Beowulf the hero – Beowulf the king
The poem of Beowulf opens in ‘Heorot’, the splendid mead hall of King Hrothgar, a Danish king. For twelve years the monster Grendel has terrorized the place, raiding at night and killing warriors as its food. A stranger arrives, a prince of the court of King Hygelac of the Geats of southern Sweden, his name Beowulf. He offers to rid Heorot of its terror. That night Grendel breaks down the door of the mead hall but Beowulf fights it to the death, ripping off its arm and driving it out into the darkness. The next day the hall carouses in triumph, but that night Grendel’s mother takes vengeance, killing one of Hrothgar’s men. Beowulf slays her and then, feted by Hrothgar and showered with gifts, returns to the land of the Geats. There King Hygelac, too, awards him the finest gem-studded sword from the Geat treasury and 7,000 hides of land, a hall and a throne. Shortly after, Hygelac dies and Beowulf reigns for 50 years. When his realm is ravaged by a fire-belching dragon, Beowulf rises to the challenge though all his men, save young Wiglaf, desert him. The dragon is slain but the hero is mortally wounded and the poem ends with his funerary rites and a threnody, a dirge of death.

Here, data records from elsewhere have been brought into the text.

lemma synth_fixes_paulis:
  assumes "circ_wf n C" and "k \<le> n"
  shows "\<forall>j<k. fold conj_gate (C @ synth n C k) (pauli_at PX j) = pauli_at PX j
              \<and> fold conj_gate (C @ synth n C k) (pauli_at PZ j) = pauli_at PZ j"
  using assms(2)
proof (induction k)
  case (Suc k)
  define W where "W = C @ synth n C k"
  define P where "P = fold conj_gate W (pauli_at PX k)"
  define Q where "Q = fold conj_gate W (pauli_at PZ k)"
  have "k < n"
    using Suc.prems by simp
  have IH: "\<forall>j<k. fold conj_gate W (pauli_at PX j) = pauli_at PX j \<and> fold conj_gate W (pauli_at PZ j) = pauli_at PZ j"
    using Suc by (simp add: W_def)
  have wf: "circ_wf n W"
    using assms(1) synth_lnn_within[of k n] \<open>k < n\<close> lnn_within_gate_wf
    by (fastforce simp: W_def circ_wf_def)
  have supp: "supported n P" "supported n Q"
    using supported_fold_conj[OF wf] \<open>k < n\<close> by (simp_all add: P_def Q_def supported_def pauli_at_def)
  have low: "\<forall>j<k. letter P j = PI \<and> letter Q j = PI"
    using IH \<open>k < n\<close>
    by (auto simp: P_def Q_def pauli_at_def intro!: letter_fold_conj_fixed_qubit[OF wf])
  have "pstr_anticomm n P Q"
    using \<open>k < n\<close> by (simp add: P_def Q_def pstr_anticomm_fold_conj[OF wf] pstr_anticomm_pauli_at)
      (simp add: pauli_at_def anticommute_def)
  note result = stage_result[OF \<open>k < n\<close> supp low this]
  have step: "C @ synth n C (Suc k) = W @ stage n k P Q"
    by (simp add: W_def P_def Q_def Let_def)
  have untouched: "fold conj_gate (stage n k P Q) (pauli_at a j) = pauli_at a j" if "j < k" for a j
    using that stage_lnn_within[OF \<open>k < n\<close>]
    by (intro fold_conj_trivial) (fastforce simp: lnn_within_def pauli_at_def)
  show ?case
    using result untouched IH unfolding step fold_append comp_apply
    by (auto simp: P_def Q_def less_Suc_eq)
qed simp

section \<open>Two-qubit depth\<close>

(* Pairs are stored sorted, so that CNOTs in both directions on the same two qubits agree. *)
fun gate_pair :: "gate \<Rightarrow> (nat \<times> nat) list" where
  "gate_pair (CNOT a b) = [(min a b, max a b)]"
| "gate_pair (CZ a b) = [(min a b, max a b)]"
| "gate_pair (Hgate q) = []"
| "gate_pair (Pgate q k) = []"

definition two_qubit_pairs :: "gate list \<Rightarrow> (nat \<times> nat) list" where
  "two_qubit_pairs C = concat (map gate_pair C)"

lemma two_qubit_pairs_simps [simp]:
  "two_qubit_pairs [] = []"
  "two_qubit_pairs (g # C) = gate_pair g @ two_qubit_pairs C"
  "two_qubit_pairs (C @ D) = two_qubit_pairs C @ two_qubit_pairs D"
  by (simp_all add: two_qubit_pairs_def)

fun asap :: "(nat \<Rightarrow> nat) \<times> nat \<Rightarrow> (nat \<times> nat) list \<Rightarrow> (nat \<Rightarrow> nat) \<times> nat" where
  "asap s [] = s"
| "asap (t, d) ((a, b) # ps) = (let l = max (t a) (t b) + 1 in asap (t(a := l, b := l), max d l) ps)"

lemma asap_append: "asap s (ps @ qs) = asap (asap s ps) qs"
  by (induction s ps rule: asap.induct) (simp_all add: Let_def)

lemma asap_Cons_sorted: "asap s ((min a b, max a b) # ps) = asap s ((a, b) # ps)"
proof (cases s)
  case (Pair t d)
  then show ?thesis
    by (cases "a \<le> b") (simp_all add: Let_def max.commute fun_upd_twist)
qed

lemma tq_depth_aux_asap: "tq_depth_aux t d C = snd (asap (t, d) (two_qubit_pairs C))"
  by (induction t d C rule: tq_depth_aux.induct) (simp_all add: asap_Cons_sorted Let_def fun_upd_def)

fun ladder :: "nat \<Rightarrow> nat \<Rightarrow> (nat \<times> nat) list" where
  "ladder lo 0 = []"
| "ladder lo (Suc m) = [(lo + m, Suc (lo + m)), (lo + m, Suc (lo + m))] @ ladder lo m"

lemma ladder_Suc_lo: "ladder (Suc lo) m @ [(lo, Suc lo), (lo, Suc lo)] = ladder lo (Suc m)"
  by (induction m) simp_all

lemma two_qubit_pairs_to_Z [simp]: "two_qubit_pairs (to_Z q a) = []"
  by (cases a) (simp_all add: to_Z_def)

lemma two_qubit_pairs_to_X [simp]: "two_qubit_pairs (to_X q a) = []"
  by (cases a) (simp_all add: to_X_def)

lemma two_qubit_pairs_sweep: "two_qubit_pairs (sweep lo m P) = ladder lo m"
  by (induction m arbitrary: P) (simp_all add: Let_def clear_upper_def)

lemma two_qubit_pairs_single_qubit: "(\<And>g. g \<in> set C \<Longrightarrow> lnn_within k (Suc k) g) \<Longrightarrow> two_qubit_pairs C = []"
proof (induction C)
  case (Cons g C)
  then have "lnn_within k (Suc k) g"
    by simp
  then have "gate_pair g = []"
    by (cases g) (auto simp: lnn_within_def)
  with Cons show ?case
    by simp
qed simp

lemma two_qubit_pairs_double_sweep:
  "two_qubit_pairs (double_sweep n k P Q) = ladder k (n - 1 - k) @ ladder (Suc k) (n - 2 - k)"
  by (simp add: double_sweep_def Let_def two_qubit_pairs_sweep)

lemma two_qubit_pairs_merge_pair: "two_qubit_pairs (merge_pair k P Q) = [(k, Suc k), (k, Suc k)]"
  by (simp add: merge_pair_def Let_def)

lemma two_qubit_pairs_stage:
  "two_qubit_pairs (stage n k P Q) = (if Suc k < n then ladder k (n - 1 - k) @ ladder k (n - 1 - k) else [])"
proof -
  have fix_pairs: "two_qubit_pairs (fix_qubit k P' Q') = []" for P' Q'
    by (rule two_qubit_pairs_single_qubit) (rule fix_qubit_lnn_within)
  have "two_qubit_pairs (stage n k P Q) =
          (if Suc k < n then ladder k (n - 1 - k) @ ladder (Suc k) (n - 2 - k) @ [(k, Suc k), (k, Suc k)] else [])"
    by (simp only: stage_def reduce_to_qubit_def Let_def two_qubit_pairs_simps two_qubit_pairs_double_sweep
        two_qubit_pairs_merge_pair fix_pairs append_Nil2 append_assoc if_distrib[where f = two_qubit_pairs])
  moreover have "n - 1 - k = Suc (n - 2 - k)" if "Suc k < n"
    using that by arith
  ultimately show ?thesis
    by (simp add: ladder_Suc_lo del: ladder.simps)
qed

fun synth_pairs :: "nat \<Rightarrow> nat \<Rightarrow> (nat \<times> nat) list" where
  "synth_pairs n 0 = []"
| "synth_pairs n (Suc k) = synth_pairs n k @ (if Suc k < n then ladder k (n - 1 - k) @ ladder k (n - 1 - k) else [])"

lemma two_qubit_pairs_synth: "two_qubit_pairs (synth n C k) = synth_pairs n k"
  by (induction k) (simp_all add: Let_def two_qubit_pairs_stage)

lemma asap_ladder_outside: "j < lo \<or> lo + m < j \<Longrightarrow> fst (asap s (ladder lo m)) j = fst s j"
proof (induction m arbitrary: s)
  case (Suc m)
  then have "j < lo \<or> lo + m < j"
    by arith
  then show ?case
    using Suc.prems by (cases s) (auto simp: Suc.IH Let_def)
qed simp

(* The profile t j + 2 j \<le> c slopes down towards the top qubit, where the ladder starts, so its
   links overlap in time: one pass raises the profile by 4 independently of its length. *)
lemma asap_ladder:
  assumes "\<forall>j. lo \<le> j \<and> j < lo + m \<longrightarrow> fst s j + 2 * j \<le> c"
    and "fst s (lo + m) + 2 * (lo + m) \<le> c + 2" and "snd s \<le> c + 4"
  shows "(\<forall>j. lo \<le> j \<and> j \<le> lo + m \<longrightarrow> fst (asap s (ladder lo m)) j + 2 * j \<le> c + 4)
         \<and> snd (asap s (ladder lo m)) \<le> c + 4"
  using assms
proof (induction m arbitrary: s)
  case 0
  then show ?case
    by auto
next
  case (Suc m)
  obtain t d where s: "s = (t, d)"
    by fastforce
  define L where "L = max (t (lo + m)) (t (Suc (lo + m))) + 2"
  define s1 where "s1 = (t(lo + m := L, Suc (lo + m) := L), max d L)"
  have L: "L + 2 * (lo + m) \<le> c + 2"
    using Suc.prems(1)[rule_format, of "lo + m"] Suc.prems(2) by (simp add: s L_def)
  have first: "asap s (ladder lo (Suc m)) = asap s1 (ladder lo m)"
    by (simp add: s s1_def L_def Let_def max_def)
  have "\<forall>j. lo \<le> j \<and> j < lo + m \<longrightarrow> fst s1 j + 2 * j \<le> c"
    "fst s1 (lo + m) + 2 * (lo + m) \<le> c + 2" "snd s1 \<le> c + 4"
    using Suc.prems L by (auto simp: s s1_def)
  note IH = Suc.IH[OF this]
  have "fst (asap s1 (ladder lo m)) (Suc (lo + m)) = L"
    by (simp add: asap_ladder_outside s1_def)
  then show ?case
    unfolding first using IH L by (auto simp: le_Suc_eq)
qed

Set in legendary pagan times, the poem is nevertheless shot through with Christian sentiment and imagery. For all the killing, no feud is set off. The poet uses more than twenty synonyms for the word ‘king’ or ‘lord’, among them frea, which is thought to be connected with the name of the god Frea or Frey, in turn associated with the Swedish royal dynasty at Uppsala; but frea is also used in other poems in the sense of ‘lord of mankind’ and directly for the Christian Lord. Pagan and Christian mesh at the most basic levels. The Beowulf poet sets the scene of the heroes drinking in the royal mead hall; in the 1960s archaeologists excavating at the site of King Edwin of Northumbria’s royal seat of Yeavering in Northumbria revealed a great hall of dimensions and plan to match the poet’s description – but it also showed a close match to the great Northumbrian churches of the period.24 The house of the king and the house of God were of like dignity. The merging of the concepts of kingship and godhead found in Christianity helped in promoting the new Faith among the heathen tribal folk once the king had decided to adopt it: as William Chaney claims, ‘the most fundamental concept in Germanic kingship is the indissolubility of its religious and political functions.’25
However charismatic his semi-divine aura might be, to his followers the early Germanic king in his capacity as warlord was the fount not so much of honour as of wealth. Since the days of Beowulf, generosity as ‘ring giver’ was the foundation of royal prestige. The ambitious young chief had to secure companions to stand by him and men to serve him when war comes. The warrior strove to win renown and honourable reputation summed up in the words dom and lof, words with no exact equivalent in modern English though perhaps most nearly equated to the French la gloire. When the hero slew Grendel, King Hrothgar rewarded him with a gold standard, a richly embroidered banner, a fine helmet and a sword of state, an emblem of honour but precious in its own right.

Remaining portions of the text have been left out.